Ingredients:

  • 1 medium, medium/large eggplant
  • 1 medium onion
  • 1 ripe tomato or equivalent of cherry tomatoes
  • 1 small italian or 1/4 bell pepper (optional)
  • 2-3 cloves garlic
  • 1/4 cup extra virgin oil + 2 Tbsp for the glass dish + 2 Tbsp for saute pan + 2 Tbsp before baking = total 10 Tbsp (divided)

Instructions:

  • Cut the top of the eggplant, slice it in half and cut slits across. Don’t poke the eggplant, go about 1.5″-2″ deep (3-5 cm)
  • Add 1/4 cup extra virgin olive oil in a pan and saute on medium/medium-low the flesh part first, then the bottom for about 3-4 mins.

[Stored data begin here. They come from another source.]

lemma gdrazin_inv_unique:
  fixes a d d' :: "'a::real_normed_algebra_1"
  assumes g: "is_gdrazin_inv a d" and g': "is_gdrazin_inv a d'"
  shows "d = d'"
proof -
  have d: "a * d\<^sup>2 = d" "a * d = d * a" and d': "a * d'\<^sup>2 = d'" "a * d' = d' * a"
    using g g' unfolding is_gdrazin_inv_def by auto
  have "d = d * (a * d')" and "d' = a * d * d'"
    using gdrazin_inv_annihilates_spectral_idempotent[OF g g']
      gdrazin_inv_annihilates_spectral_idempotent[OF g' g]
    by (simp_all add: algebra_simps)
  then have same_idempotent: "a * d = a * d'"
    using d(2) by (metis mult.assoc)
  have "d = (a * d) * d"
    using d by (metis mult.assoc power2_eq_square)
  also have "\<dots> = d' * (a * d)"
    using same_idempotent d(2) d'(2) by (metis mult.assoc)
  also have "\<dots> = d'"
    using same_idempotent d' by (metis mult.assoc power2_eq_square)
  finally show ?thesis .
qed

lemma gdrazin_eqI:
  fixes a d :: "'a::real_normed_algebra_1"
  assumes "is_gdrazin_inv a d"
  shows "gdrazin a = d"
  unfolding gdrazin_def using assms by (rule the_equality) (rule gdrazin_inv_unique[OF _ assms])

lemma is_gdrazin_inv_gdrazin:
  assumes "a \<in> gdrazin_set"
  shows "is_gdrazin_inv a (gdrazin a)"
proof -
  from assms obtain d where d: "is_gdrazin_inv a d"
    unfolding gdrazin_set_def by auto
  then show ?thesis
    by (simp only: gdrazin_eqI[OF d])
qed

section \<open>Generalized core-EP inverses\<close>

lemma gcEP_inv_residual_decay:
  fixes a x :: "'a::complex_banach_star_algebra_1"
  assumes "is_gcEP_inv a x"
  shows "superexp_decay (\<lambda>n. norm (a ^ n - x * a ^ (n + 1)))"
  using assms unfolding is_gcEP_inv_def by (intro superexp_decay_if_root_tendsto_zero) auto

lemma gcEP_inv_outer:
  fixes a x :: "'a::complex_banach_star_algebra_1"
  assumes "is_gcEP_inv a x"
  shows "a * x\<^sup>2 = x"
  using assms unfolding is_gcEP_inv_def by (rule conjE) (rule sym)

lemma gcEP_inv_power_sandwich:
  fixes a x :: "'a::complex_banach_star_algebra_1"
  assumes g: "is_gcEP_inv a x"
  shows "x * a ^ Suc k * x = a ^ k * x"
proof -
  define r where "r m = a ^ m - x * a ^ (m + 1)" for m
  have decay: "superexp_decay (\<lambda>m. norm (r m))"
    unfolding r_def by (rule gcEP_inv_residual_decay[OF g])
  have residual: "x * a ^ Suc k * x - a ^ k * x = - (r (n + k) * x ^ Suc n)" for n
  proof -
    have x: "a ^ n * x ^ Suc n = x"
      by (rule outer_inverse_power[OF gcEP_inv_outer[OF g]])
    have long: "a ^ Suc k * a ^ n = a ^ (n + k + 1)"
      by (metis power_add add.commute add_Suc_right Suc_eq_plus1)
    have short: "a ^ k * a ^ n = a ^ (n + k)"
      by (simp add: power_add [symmetric] add.commute)
    have "x * a ^ Suc k * x - a ^ k * x
        = x * a ^ Suc k * (a ^ n * x ^ Suc n) - a ^ k * (a ^ n * x ^ Suc n)"
      by (simp only: x)
    also have "\<dots> = (x * (a ^ Suc k * a ^ n) - a ^ k * a ^ n) * x ^ Suc n"
      by (simp only: mult.assoc left_diff_distrib)
    also have "\<dots> = - (r (n + k) * x ^ Suc n)"
      unfolding long short r_def by (simp add: algebra_simps)
    finally show ?thesis .
  qed
  have bound: "norm (x * a ^ Suc k * x - a ^ k * x) \<le> norm x * norm (r (n + k)) * norm x ^ n" for n
  proof -
    have "norm (x * a ^ Suc k * x - a ^ k * x) = norm (r (n + k) * x ^ Suc n)"
      by (simp only: residual[of n] norm_minus_cancel)
    also have "\<dots> \<le> norm (r (n + k)) * norm x ^ Suc n"
      by (rule norm_mult_power_le)
    also have "\<dots> = norm x * norm (r (n + k)) * norm x ^ n"
      by (simp add: mult_ac)
    finally show ?thesis .
  qed
  have "x * a ^ Suc k * x - a ^ k * x = 0"
    by (rule superexp_decay_bound_imp_zero[OF decay _ _ bound]) simp_all
  then show ?thesis
    by simp
qed

lemma gcEP_inv_identities:
  fixes a x :: "'a::complex_banach_star_algebra_1"
  assumes g: "is_gcEP_inv a x"
  shows "x * a * x = x" and "a * x * x = x" and "projection (a * x)"
proof -
  show xax: "x * a * x = x"
    using gcEP_inv_power_sandwich[OF g, of 0] by simp
  show "a * x * x = x"
    using gcEP_inv_outer[OF g] by (simp add: power2_eq_square mult.assoc)
  have "(a * x)\<^sup>2 = a * x"
    using xax by (simp add: power2_eq_square mult.assoc)
  moreover have "star (a * x) = a * x"
    using g unfolding is_gcEP_inv_def by blast
  ultimately show "projection (a * x)"
    unfolding projection_def by simp
qed

lemma gcEP_inv_power_identities:
  fixes a x :: "'a::complex_banach_star_algebra_1"
  assumes g: "is_gcEP_inv a x"
  shows "x ^ k * a ^ k * (a * x) = a * x"
    and "a * x ^ Suc (Suc k) = x ^ Suc k"
    and "x ^ Suc k = x ^ Suc (Suc k) * (a * (a * x))"
    and "x ^ Suc k * a ^ Suc k * (x ^ Suc (Suc k) * a ^ Suc k) = x ^ Suc (Suc k) * a ^ Suc k"
proof -
  show "x ^ k * a ^ k * (a * x) = a * x"
  proof (induction k)
    case (Suc k)
    have "x ^ Suc k * a ^ Suc k * (a * x) = x ^ k * (x * a ^ Suc (Suc k) * x)"
      by (simp only: power_Suc2 mult.assoc)
    also have "\<dots> = x ^ k * a ^ k * (a * x)"
      unfolding gcEP_inv_power_sandwich[OF g] by (simp only: power_Suc2 mult.assoc)
    also have "\<dots> = a * x"
      by (rule Suc.IH)
    finally show ?case .
  qed simp
  show "a * x ^ Suc (Suc k) = x ^ Suc k"
    using gcEP_inv_identities(2)[OF g] by (simp add: mult.assoc [symmetric])
  have x_ax: "x * (a * x) = x"
    using gcEP_inv_identities(1)[OF g] by (simp add: mult.assoc)
  have x_aax: "x * (a * (a * x)) = a * x"
    using gcEP_inv_power_sandwich[OF g, of 1] by (simp add: mult.assoc)
  have "x ^ Suc (Suc k) * (a * (a * x)) = x ^ Suc k * (x * (a * (a * x)))"
    by (simp only: power_Suc2 mult.assoc)
  also have "\<dots> = x ^ k * (x * (a * x))"
    by (simp only: x_aax power_Suc2 mult.assoc)
  also have "\<dots> = x ^ Suc k"
    by (simp only: x_ax power_Suc2)
  finally show "x ^ Suc k = x ^ Suc (Suc k) * (a * (a * x))" ..
  have "x ^ Suc k * a ^ Suc k * (x ^ Suc (Suc k) * a ^ Suc k)
      = x ^ Suc k * (a ^ Suc k * x ^ Suc (Suc k)) * a ^ Suc k"
    by (simp only: mult.assoc)
  also have "\<dots> = x ^ Suc k * x * a ^ Suc k"
    by (simp only: outer_inverse_power[OF gcEP_inv_outer[OF g]])
  also have "\<dots> = x ^ Suc (Suc k) * a ^ Suc k"
    by (simp only: power_Suc2)
  finally show "x ^ Suc k * a ^ Suc k * (x ^ Suc (Suc k) * a ^ Suc k) = x ^ Suc (Suc k) * a ^ Suc k" .
qed

lemma gcEP_inv_projection_absorb:
  fixes a u v :: "'a::complex_banach_star_algebra_1"
  assumes gu: "is_gcEP_inv a u" and gv: "is_gcEP_inv a v"
  shows "a * v * (a * u) = a * u"
proof -
  define r where "r m = a ^ m - v * a ^ (m + 1)" for m
  have decay: "superexp_decay (\<lambda>m. norm (r m))"
    unfolding r_def by (rule gcEP_inv_residual_decay[OF gv])
  have residual: "(1 - a * v) * (a * u) = a * r n * u ^ Suc n" for n
  proof -
    have u: "a ^ n * u ^ Suc n = u"
      by (rule outer_inverse_power[OF gcEP_inv_outer[OF gu]])
    have factor: "(1 - a * v) * (a * a ^ n) = a * r n"
      unfolding r_def by (simp add: algebra_simps)
    have "(1 - a * v) * (a * u) = (1 - a * v) * (a * (a ^ n * u ^ Suc n))"
      by (simp only: u)
    also have "\<dots> = (1 - a * v) * (a * a ^ n) * u ^ Suc n"
      by (simp only: mult.assoc)
    also have "\<dots> = a * r n * u ^ Suc n"
      by (simp only: factor)
    finally show ?thesis .
  qed
  have bound: "norm ((1 - a * v) * (a * u)) \<le> norm a * norm u * norm (r (n + 0)) * norm u ^ n" for n
  proof -
    have "norm ((1 - a * v) * (a * u)) \<le> norm (a * r n) * norm u ^ Suc n"
      unfolding residual[of n] by (rule norm_mult_power_le)
    also have "\<dots> \<le> norm a * norm (r n) * norm u ^ Suc n"
      by (simp add: mult_right_mono norm_mult_ineq)
    also have "\<dots> = norm a * norm u * norm (r (n + 0)) * norm u ^ n"
      by (simp add: mult_ac)
    finally show ?thesis .
  qed
  have "(1 - a * v) * (a * u) = 0"
    by (rule superexp_decay_bound_imp_zero[OF decay _ _ bound]) simp_all
  then show ?thesis
    by (simp only: left_diff_distrib mult_1_left right_minus_eq)
qed

lemma gcEP_inv_unique:
  fixes a x y :: "'a::complex_banach_star_algebra_1"
  assumes gx: "is_gcEP_inv a x" and gy: "is_gcEP_inv a y"
  shows "x = y"
proof -
  have x: "star (a * x) = a * x" and y: "star (a * y) = a * y"
    using gx gy unfolding is_gcEP_inv_def by auto
  note xy = gcEP_inv_projection_absorb[OF gx gy] and yx = gcEP_inv_projection_absorb[OF gy gx]
  have "a * x = star (a * x)"
    by (simp only: x)
  also have "\<dots> = star (a * y * (a * x))"
    by (simp only: xy)
  also have "\<dots> = a * x * (a * y)"
    by (simp only: star_mult[of "a * y" "a * x"] x y)
  also have "\<dots> = a * y"
    by (simp only: yx)
  finally have same_projection: "a * x = a * y" .
  have y_outer: "a * y * y = y"
    by (rule gcEP_inv_identities(2)[OF gy])
  have x_aay: "x * (a * (a * y)) = a * y"
    using gcEP_inv_power_sandwich[OF gx, of 1] same_projection by (simp add: mult.assoc)
  have "x = x * (a * y)"
    using gcEP_inv_identities(1)[OF gx] same_projection by (simp add: mult.assoc)
  also have "\<dots> = x * (a * (a * y * y))"
    by (simp only: y_outer)
  also have "\<dots> = x * (a * (a * y)) * y"
    by (simp only: mult.assoc)
  also have "\<dots> = a * y * y"
    by (simp only: x_aay)
  also have "\<dots> = y"
    by (rule y_outer)
  finally show ?thesis .
qed

lemma gcEP_eqI:
  fixes a x :: "'a::complex_banach_star_algebra_1"
  assumes "is_gcEP_inv a x"
  shows "gcEP a = x"
  unfolding gcEP_def using assms by (rule the_equality) (rule gcEP_inv_unique[OF _ assms])

section \<open>From the generalized Drazin inverse to the generalized core-EP inverse\<close>

lemma lann_eq_projection:
  fixes a d q :: "'a::complex_banach_star_algebra_1"
  assumes "a * d\<^sup>2 = d" and comm: "a * d = d * a"
    and q: "projection q" and lann: "lann d = lann q"
  shows "q * d = d" and "a * (d * q) = q"
proof -
  have "(1 - q) * q = 0"
    using q unfolding projection_def by (simp add: algebra_simps power2_eq_square)
  then have "(1 - q) * d = 0"
    using lann unfolding lann_def by auto
  then show "q * d = d"
    by (simp add: algebra_simps)
  have "d * a * d = a * d * d"
    by (simp only: comm)
  also have "\<dots> = d"
    using assms(1) by (simp add: power2_eq_square mult.assoc)
  finally have "(1 - d * a) * d = 0"
    by (simp add: left_diff_distrib)
  then have "(1 - d * a) * q = 0"
    using lann unfolding lann_def by auto
  then have "q = d * a * q"
    by (simp add: left_diff_distrib)
  then show "a * (d * q) = q"
    by (simp only: mult.assoc [symmetric] comm)
qed

lemma drazin_projection_residual:
  fixes a d q :: "'a::ring_1"
  assumes outer: "a * d\<^sup>2 = d" and comm: "a * d = d * a" and qd: "q * d = d"
  shows "a ^ n - d * q * a ^ (n + 1) = (1 - d * q * a) * (a ^ n * (1 - a * d))"
proof -
  have "a ^ n * (a * d) = a ^ Suc n * d"
    by (simp add: power_Suc2 mult.assoc del: power_Suc)
  then have expand: "a ^ n * (1 - a * d) = a ^ n - d * a ^ (n + 1)"
    using power_commuting_commutes[OF comm, of "Suc n"] by (simp add: right_diff_distrib)
  have shift: "d * q * a * a ^ n = d * q * a ^ (n + 1)"
    by (simp add: mult.assoc)
  have absorb: "d * q * a * (d * a ^ (n + 1)) = d * a ^ (n + 1)"
  proof -
    have "d * q * a * d = d * (q * d) * a"
      using comm by (simp add: mult.assoc)
    also have "\<dots> = d"
      using commuting_outer_inverse_power[OF outer comm, of 1] qd by (simp add: mult.assoc [symmetric])
    finally show ?thesis
      by (simp add: mult.assoc [symmetric])
  qed
  have "(1 - d * q * a) * (a ^ n * (1 - a * d))
      = a ^ n - d * q * a * a ^ n - (d * a ^ (n + 1) - d * q * a * (d * a ^ (n + 1)))"
    unfolding expand by (simp only: left_diff_distrib right_diff_distrib mult_1_left)
  also have "\<dots> = a ^ n - d * q * a ^ (n + 1)"
    by (simp only: shift absorb diff_self diff_zero)
  finally show ?thesis
    by (rule sym)
qed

It will soak all of the oil
  • Transfer the eggplant in a glass dish but add 2Tbsp extra virgin olive oil at the bottom
  • In the meantime, you can chop the onions, pepper (optional), tomato and garlic. Saute onions and peppers first, add the garlic for about 1 min until fragrant, then add tomatoes. Saute COVERED with 2 Tbsp extra virgin olive oil
  • If it becomes dry add a tablespoon or two of water.
  • It should look like this
  • With a spoon or whatever fill the gaps between slits with the mix. That’s why it’s important to use a glass dish where eggplant will fit snugly.
  • Bake on 350F loosely covered with aluminum foil for 25 mins. Remove foil, continue baking for another 15 mins to a total of 40 mins.
  • Turn off the oven and open it a notch. Leave the eggplants until they are warm (30 mins) or room temperature (2 hrs +).
  • Sprinkle feta cheese and fresh parsley.